In [1]:
import torch
from transformers import AutoModelForCausalLM, AutoTokenizer, pipeline

In [2]:
# Load model and tokenizer
model = AutoModelForCausalLM.from_pretrained(
    "microsoft/Phi-3-mini-4k-instruct",
    device_map="cuda",
    torch_dtype="auto",
    trust_remote_code=True,
)

`flash-attention` package not found, consider installing for better performance: No module named 'flash_attn'.
Current `flash-attention` does not support `window_size`. Either upgrade or use `attn_implementation='eager'`.


Loading checkpoint shards:   0%|          | 0/2 [00:00<?, ?it/s]

In [3]:
tokenizer = AutoTokenizer.from_pretrained("microsoft/Phi-3-mini-4k-instruct")

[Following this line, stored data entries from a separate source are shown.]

(* Let $\mathcal{Y}=\{\boldsymbol{x}_1,\dots,\boldsymbol{x}_m\}$ be a finite subset of the unit ball $B_n(1)=\{\boldsymbol{x}\in\mathbb{R}^n:\|\boldsymbol{x}\|\le1\}$ with $\|\boldsymbol{x}_i\|\ge1-\varepsilon$ for all $i$, where $\varepsilon\in(0,1)$. Let $\beta_1,\beta_2\in\mathbb{R}$ satisfy $$\beta_2(m-1)\le\sum_{j\in\{1,\dots,m\},\,j\ne i}\langle\boldsymbol{x}_i,\boldsymbol{x}_j\rangle\le\beta_1(m-1)\quad\text{for all }i=1,\dots,m,$$ and $$(1-\varepsilon)^2+\beta_2(m-1)>0,\qquad 1+(m-1)\beta_1>0.$$ Let $\bar{\boldsymbol{y}}=\frac1m\sum_{i=1}^m\boldsymbol{x}_i$ and $$\ell(\boldsymbol{x})=\Big\langle\frac{\bar{\boldsymbol{y}}}{\|\bar{\boldsymbol{y}}\|},\boldsymbol{x}\Big\rangle-\frac1{\sqrt m}\Big(\frac{(1-\varepsilon)^2+\beta_2(m-1)}{\sqrt{1+(m-1)\beta_1}}\Big).$$ Then $\ell(\boldsymbol{x}_i)\ge0$ for all $\boldsymbol{x}_i\in\mathcal{Y}$.
   Context: $\langle\cdot,\cdot\rangle$ and $\|\cdot\|$ denote the Euclidean inner product and norm on $\mathbb{R}^n$. *)

theory Defs
  imports "HOL-Analysis.Analysis"
begin

end

theory Submission
  imports Defs
begin

text \<open>With \<open>S = x\<^sub>1 + \<dots> + x\<^sub>m\<close>, the inner product \<open>\<langle>x\<^sub>i, S\<rangle>\<close> is \<open>\<parallel>x\<^sub>i\<parallel>\<^sup>2\<close> plus the sum
  of the other inner products of \<open>x\<^sub>i\<close>, so it lies between \<open>(1 - \<epsilon>)\<^sup>2 + \<beta>\<^sub>2(m - 1)\<close> and
  \<open>1 + (m - 1)\<beta>\<^sub>1\<close>. Summing the upper bound over \<open>i\<close> gives
  \<open>\<parallel>S\<parallel>\<^sup>2 = \<Sum>\<^sub>i \<langle>x\<^sub>i, S\<rangle> \<le> m (1 + (m - 1)\<beta>\<^sub>1)\<close>, and dividing the lower bound by this
  estimate of \<open>\<parallel>S\<parallel>\<close> bounds \<open>\<langle>S/\<parallel>S\<parallel>, x\<^sub>i\<rangle>\<close> from below. The direction of \<open>\<bar>y\<close> is that
  of \<open>S\<close>.\<close>

lemma inner_sum_right_split:
  fixes x :: "'b \<Rightarrow> 'a::real_inner"
  assumes "finite I" "i \<in> I"
  shows "inner (x i) (sum x I) = (norm (x i))\<^sup>2 + (\<Sum>j\<in>I - {i}. inner (x i) (x j))"
proof -
  have "inner (x i) (sum x I) = (\<Sum>j\<in>I. inner (x i) (x j))"
    by (simp add: inner_sum_right)
  also have "\<dots> = inner (x i) (x i) + (\<Sum>j\<in>I - {i}. inner (x i) (x j))"
    using assms by (simp add: sum.remove)
  finally show ?thesis
    by (simp add: power2_norm_eq_inner)
qed

lemma norm_sum_squared_le:
  fixes x :: "'b \<Rightarrow> 'a::real_inner"
  assumes "\<And>k. k \<in> I \<Longrightarrow> inner (x k) (sum x I) \<le> B"
  shows "(norm (sum x I))\<^sup>2 \<le> real (card I) * B"
proof -
  have "(norm (sum x I))\<^sup>2 = (\<Sum>k\<in>I. inner (x k) (sum x I))"
    by (simp add: power2_norm_eq_inner inner_sum_left)
  also have "\<dots> \<le> (\<Sum>k\<in>I. B)"
    using assms by (rule sum_mono)
  finally show ?thesis
    by simp
qed

lemma inner_sgn_ge_divide:
  fixes v s :: "'a::real_inner"
  assumes "0 < a" "a \<le> inner v s" "norm s \<le> c"
  shows "a / c \<le> inner (sgn s) v"
proof -
  have "s \<noteq> 0"
    using assms by auto
  then have "0 < norm s"
    by simp
  then have "0 < c"
    using assms by linarith
  have "a / c \<le> a / norm s"
    using assms \<open>0 < norm s\<close> \<open>0 < c\<close> by (intro divide_left_mono) auto
  also have "\<dots> \<le> inner v s / norm s"
    using assms \<open>0 < norm s\<close> by (intro divide_right_mono) auto
  also have "\<dots> = inner (sgn s) v"
    by (simp add: sgn_div_norm inner_commute divide_inverse)
  finally show ?thesis .
qed

theorem lemma4:
  fixes x :: "nat \<Rightarrow> 'a::euclidean_space"
    and m :: nat and \<epsilon> \<beta>1 \<beta>2 :: real
  assumes distinct: "inj_on x {1..m}"
    and in_ball: "\<forall>i\<in>{1..m}. norm (x i) \<le> 1"
    and eps: "0 < \<epsilon>" "\<epsilon> < 1"
    and near_sphere: "\<forall>i\<in>{1..m}. norm (x i) \<ge> 1 - \<epsilon>"
    and inner_bounds: "\<forall>i\<in>{1..m}.
        \<beta>2 * (real m - 1) \<le> (\<Sum>j\<in>{1..m} - {i}. inner (x i) (x j)) \<and>
        (\<Sum>j\<in>{1..m} - {i}. inner (x i) (x j)) \<le> \<beta>1 * (real m - 1)"
    and pos2: "(1 - \<epsilon>)\<^sup>2 + \<beta>2 * (real m - 1) > 0"
    and pos1: "1 + (real m - 1) * \<beta>1 > 0"
  shows "\<forall>i\<in>{1..m}.
    (let ybar = (1 / real m) *\<^sub>R (\<Sum>k\<in>{1..m}. x k);
         ell = (\<lambda>z. inner ((1 / norm ybar) *\<^sub>R ybar) z
               - (1 / sqrt (real m)) * (((1 - \<epsilon>)\<^sup>2 + \<beta>2 * (real m - 1))
                                        / sqrt (1 + (real m - 1) * \<beta>1)))
     in ell (x i) \<ge> 0)"
proof
  fix i assume i: "i \<in> {1..m}"
  define S where "S = (\<Sum>k\<in>{1..m}. x k)"
  define A where "A = (1 - \<epsilon>)\<^sup>2 + \<beta>2 * (real m - 1)"
  define B where "B = 1 + (real m - 1) * \<beta>1"
  have lower: "A \<le> inner (x i) S"
  proof -
    have "(1 - \<epsilon>)\<^sup>2 \<le> (norm (x i))\<^sup>2"
      using near_sphere i eps by (intro power_mono) auto
    then show ?thesis
      using inner_sum_right_split[of "{1..m}" i x] inner_bounds i by (force simp: A_def S_def)
  qed
  have upper: "inner (x k) S \<le> B" if "k \<in> {1..m}" for k
  proof -
    have "(norm (x k))\<^sup>2 \<le> 1"
      using in_ball that by (simp add: power_le_one)
    then show ?thesis
      using inner_sum_right_split[of "{1..m}" k x] inner_bounds that
      by (force simp: B_def S_def mult.commute)
  qed
  have "norm S \<le> sqrt (real m * B)"
    using norm_sum_squared_le[of "{1..m}" x B] upper by (simp add: S_def real_le_rsqrt)
  then have bound: "A / (sqrt (real m) * sqrt B) \<le> inner (sgn S) (x i)"
    using inner_sgn_ge_divide[OF _ lower] pos2 by (simp add: A_def real_sqrt_mult)
  have direction: "(1 / norm ((1 / real m) *\<^sub>R S)) *\<^sub>R ((1 / real m) *\<^sub>R S) = sgn S"
    using i by (simp add: sgn_div_norm divide_inverse)
  show "let ybar = (1 / real m) *\<^sub>R (\<Sum>k\<in>{1..m}. x k);
         ell = (\<lambda>z. inner ((1 / norm ybar) *\<^sub>R ybar) z
               - (1 / sqrt (real m)) * (((1 - \<epsilon>)\<^sup>2 + \<beta>2 * (real m - 1))
                                        / sqrt (1 + (real m - 1) * \<beta>1)))
     in ell (x i) \<ge> 0"
    unfolding Let_def S_def[symmetric] direction
    using bound by (simp add: A_def B_def field_simps)
qed

end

Special tokens have been added in the vocabulary, make sure the associated word embeddings are fine-tuned or trained.


In [4]:
# Create a pipeline
pipe = pipeline(
    "text-generation",
    model=model,
    tokenizer=tokenizer,
    return_full_text=False,
    max_new_tokens=500,
    do_sample=False,
)

In [5]:
# Prompt
messages = [
    {"role": "user", "content": "Create a funny joke about chickens."}
]

# Generate the output
output = pipe(messages)
print(output[0]["generated_text"])

You are not running the flash-attention implementation, expect numerical differences.


 Why did the chicken join the band? Because it had the drumsticks!


Under the hood, transformers.pipeline first converts our messages into a specific prompt template. We can explore this process by accessing the underlying tokenizer:

In [6]:
# Apply prompt template
prompt = pipe.tokenizer.apply_chat_template(messages, tokenize=False)
print(prompt)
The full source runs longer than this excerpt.